Meer adoptiekinderen met handicap

Bijna zeven op de tien adoptiekinderen (65 procent) die vorig jaar naar Nederland kwamen hebben fysieke of geestelijke problemen. Een jaar eerder was dat nog 54 procent, schrijft het AD donderdag op basis van cijfers van de Stichting Adoptievoorzieningen.

De toename is geen verrassing. Adoptieorganisaties spraken vorig jaar al de verwachting uit dat het binnen enkele jaren niet meer mogelijk is een kind zonder medische problemen te adopteren. Het kan gaan om lichte handicaps zoals een gespleten lip, maar ook ernstigere problemen zoals hartgebreken. Ook kan het gaan om kinderen die seksueel zijn misbruikt door hun ouders.

De toename van het aantal adoptiekinderen dat onder de noemer 'special need' valt komt door de toegenomen welvaart en een adoptieverdrag uit 1993 waar steeds meer landen zich bij aansluiten. In het verdrag staat dat eerst wordt geprobeerd adoptiekinderen in eigen land bij een gezin onder te brengen. Pas als dat niet lukt, wordt uitgeweken naar het buitenland.

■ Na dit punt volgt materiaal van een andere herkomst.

theorem theorem7:
  fixes f fx :: "real \<Rightarrow> real \<Rightarrow> real" and v :: "real \<Rightarrow> real"
    and xstar :: "real \<Rightarrow> real" and xN :: "nat \<Rightarrow> nat \<Rightarrow> real"
  assumes Cf: "continuous_on ({0..1} \<times> UNIV) (\<lambda>(t, x). f t x)"
    and Cfx: "continuous_on ({0..1} \<times> UNIV) (\<lambda>(t, x). fx t x)"
    and fx_deriv: "\<forall>t\<in>{0..1}. \<forall>x. (f t has_real_derivative fx t x) (at x)"
    and Df: "\<exists>A B. 0 < A \<and> A < 1 \<and> 0 < B \<and> (\<forall>t\<in>{0..1}. \<forall>x. \<bar>f t x\<bar> \<le> A * \<bar>x\<bar> + B)"
    and Dfx: "\<exists>c. c > -1 \<and> (\<forall>t\<in>{0..1}. \<forall>x. fx t x \<ge> c)"
    and Dv: "continuous_on {0..1} v"
    and xstar_sol: "is_H2_solution f v xstar"
    and xstar_unique: "\<forall>z. is_H2_solution f v z \<longrightarrow> (\<forall>t\<in>{0..1}. z t = xstar t)"
    and xN_sol: "\<forall>N\<ge>2. xN N 0 = 0 \<and> xN N N = 0 \<and>
        (\<forall>k\<in>{1..N-1}. xN N (k+1) - 2 * xN N k + xN N (k-1) =
           1 / real N ^ 2 * f (real k / real N) (xN N k) + 1 / real N ^ 2 * v (real k / real N))"
  shows "(\<lambda>N. Max ((\<lambda>k. \<bar>xstar (real k / real N) - xN N k\<bar>) ` {0..N})) \<longlonglongrightarrow> 0"
proof -
  \<comment> \<open>\<open>Cfx\<close>, \<open>Df\<close> and \<open>xstar_unique\<close> only serve the existence and uniqueness of the solutions.\<close>
  obtain y where cx: "continuous_on {0..1} xstar" and cy: "continuous_on {0..1} y"
    and x': "\<And>t. t \<in> {0<..<1} \<Longrightarrow> (xstar has_real_derivative y t) (at t)"
    and y': "\<And>t. t \<in> {0<..<1} \<Longrightarrow> (y has_real_derivative f t (xstar t) + v t) (at t)"
    using is_H2_solution_classical[OF xstar_sol Cf Dv] by blast
  have x0: "xstar 0 = 0" and x1: "xstar 1 = 0"
    using xstar_sol unfolding is_H2_solution_def H1_0_def by auto
  have ch: "continuous_on {0..1} (\<lambda>t. f t (xstar t) + v t)"
    using continuous_on_superposition[OF Cf cx] Dv by (intro continuous_intros)
  obtain c where c: "c > -1" "\<forall>t\<in>{0..1}. \<forall>x. fx t x \<ge> c" using Dfx by blast
  have onesided: "(p - q) * (f t p - f t q) \<ge> - max 0 (- c) * (p - q)\<^sup>2" if "t \<in> {0..1}" for t p q
  proof (rule deriv_ge_imp_diff_mult_ge[where F' = "fx t"])
    show "(f t has_real_derivative fx t u) (at u)" for u using fx_deriv that by blast
    have "- max 0 (- c) \<le> c" by simp
    then show "- max 0 (- c) \<le> fx t u" for u using c(2) that by (meson order_trans)
  qed
  show ?thesis
    by (rule finite_difference_convergence[OF cx cy x' y' ch x0 x1 onesided])
      (use c(1) xN_sol in auto)
qed

end
lemma potential_drift:
  fixes C :: config
  assumes n: "2 \<le> n" and valid: "\<forall>k<n. valid_state N (C k)" and leaderless: "\<not> has_leader n C"
  shows "1 + (\<Sum>i<n. potential N n (interact N n C i)) / real n \<le> potential N n C"
proof -
  have "(\<Sum>i<n. potential N n (interact N n C i)) \<le> real n * potential N n C - real n"
  proof (cases "\<forall>k<n. bullet (C k) = 0")
    case True
    have "(\<Sum>i<n. potential N n (interact N n C i))
       \<le> (\<Sum>i<n. potential N n C - (real (dist (C i)) + 1 - real (dist (C (Suc i mod n)))))"
      using potential_interact_le_without_bullets[OF n _ leaderless valid True] by (intro sum_mono) auto
    also have "\<dots> = real n * potential N n C - real n
        - (\<Sum>i<n. real (dist (C i))) + (\<Sum>i<n. real (dist (C (Suc i mod n))))"
      by (simp add: sum_subtractf sum.distrib)
    also have "(\<Sum>i<n. real (dist (C (Suc i mod n)))) = (\<Sum>i<n. real (dist (C i)))"
      using n by (intro sum_Suc_mod) simp
    finally show ?thesis
      by simp
  next
    case False
    then obtain k0 where bullet: "k0 < n" "0 < bullet (C k0)"
      by auto
    define W where "W = (\<Sum>k<n. bullet_weight N (C k))"
    have W: "1 \<le> W"
      unfolding W_def using bullet by (rule one_le_total_bullet_weight)
    have "(\<Sum>i<n. potential N n (interact N n C i))
        \<le> (\<Sum>i<n. potential N n C - real n * bullet_weight N (C i) / W)"
      using potential_interact_le_with_bullets[OF n _ leaderless bullet] by (intro sum_mono) (simp add: W_def)
    also have "\<dots> = real n * potential N n C - real n * W / W"
      by (simp add: W_def sum_subtractf sum_divide_distrib[symmetric] sum_distrib_left[symmetric])
    also have "\<dots> = real n * potential N n C - real n"
      using W by simp
    finally show ?thesis .
  qed
  then show ?thesis
    using n by (simp add: field_simps)
qed

lemma potential_expected_drift:
  fixes C :: config
  assumes n: "2 \<le> n" and valid: "\<forall>k<n. valid_state N (C k)" and leaderless: "\<not> has_leader n C"
  shows "1 + (\<integral>\<^sup>+i. ennreal (potential N n (interact N n C i)) \<partial>pmf_of_set {..<n})
           \<le> ennreal (potential N n C)"
proof -
  have nonneg: "0 \<le> potential N n (interact N n C i)" if "i < n" for i
    using that valid by (simp add: potential_nonneg valid_state_interact)
  have mean_nonneg: "0 \<le> (\<Sum>i<n. potential N n (interact N n C i)) / real n"
    by (intro divide_nonneg_nonneg sum_nonneg) (auto intro: nonneg)
  have "(\<integral>\<^sup>+i. ennreal (potential N n (interact N n C i)) \<partial>pmf_of_set {..<n})
      = (\<Sum>i<n. ennreal (potential N n (interact N n C i))) / ennreal (real n)"
    using n by (subst nn_integral_pmf_of_set) (auto simp: ennreal_of_nat_eq_real_of_nat lessThan_empty_iff)
  also have "\<dots> = ennreal (\<Sum>i<n. potential N n (interact N n C i)) / ennreal (real n)"
    by (subst sum_ennreal) (auto intro: nonneg)
  also have "\<dots> = ennreal ((\<Sum>i<n. potential N n (interact N n C i)) / real n)"
    using n nonneg by (intro divide_ennreal sum_nonneg) auto
  finally have "1 + (\<integral>\<^sup>+i. ennreal (potential N n (interact N n C i)) \<partial>pmf_of_set {..<n})
      = ennreal (1 + (\<Sum>i<n. potential N n (interact N n C i)) / real n)"
    using ennreal_plus[OF zero_le_one mean_nonneg] by simp
  also have "\<dots> \<le> ennreal (potential N n C)"
    using potential_drift[OF n valid leaderless] by (rule ennreal_leI)
  finally show ?thesis .
qed

theorem lemma10:
  shows "\<exists>c::real. c > 0 \<and>
    (\<forall>N n (C::config).
       2 \<le> n \<longrightarrow> n \<le> N \<longrightarrow>
       (\<forall>i<n. valid_state N (C i)) \<longrightarrow>
       \<not> has_leader n C \<longrightarrow>
       expected_hit_time N n C \<le> ennreal (c * real n * real N))"
proof (intro exI[of _ 6] conjI allI impI)
  fix N n and C :: config
  assume n: "2 \<le> n" and nN: "n \<le> N" and valid: "\<forall>i<n. valid_state N (C i)"
    and leaderless: "\<not> has_leader n C"
  have "expected_hit_time N n C = (\<integral>\<^sup>+\<omega>. ennreal_of_enat (hitting_time (interact N n) (has_leader n) C \<omega>)
                                     \<partial>stream_space (measure_pmf (pmf_of_set {..<n})))"
    by (simp add: expected_hit_time_def scheduler_def hit_time_eq_hitting_time)
  also have "\<dots> \<le> ennreal (potential N n C)"
  proof (rule nn_integral_hitting_time_le_potential[where I = "\<lambda>C. \<forall>i<n. valid_state N (C i)"])
    have "set_pmf (pmf_of_set {..<n}) = {..<n}"
      using n by (simp add: lessThan_empty_iff)
    then show "\<forall>k<n. valid_state N (interact N n C' i k)"
      if "\<forall>k<n. valid_state N (C' k)" "i \<in> set_pmf (pmf_of_set {..<n})" for C' i
      using that by (simp add: valid_state_interact)
  qed (use n valid potential_expected_drift in auto)
  also have "\<dots> \<le> ennreal (6 * real n * real N)"
    using potential_le[OF n nN] by (rule ennreal_leI)
  finally show "expected_hit_time N n C \<le> ennreal (6 * real n * real N)" .
qed simp

end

In landen als China, met 283 van de 628 adoptiekinderen in 2009 de belangrijke bron, zijn er steeds meer mensen die zich een adoptie kunnen veroorloven. Gezonde kinderen zijn meestal gewilder dan kinderen die extra zorg nodig hebben. Daardoor gaan alleen die kinderen nog naar het buitenland.

De vraag naar adoptiekinderen daalt. In 2005 waren er nog 3135 verzoeken, in 2009 waren dat er 1770.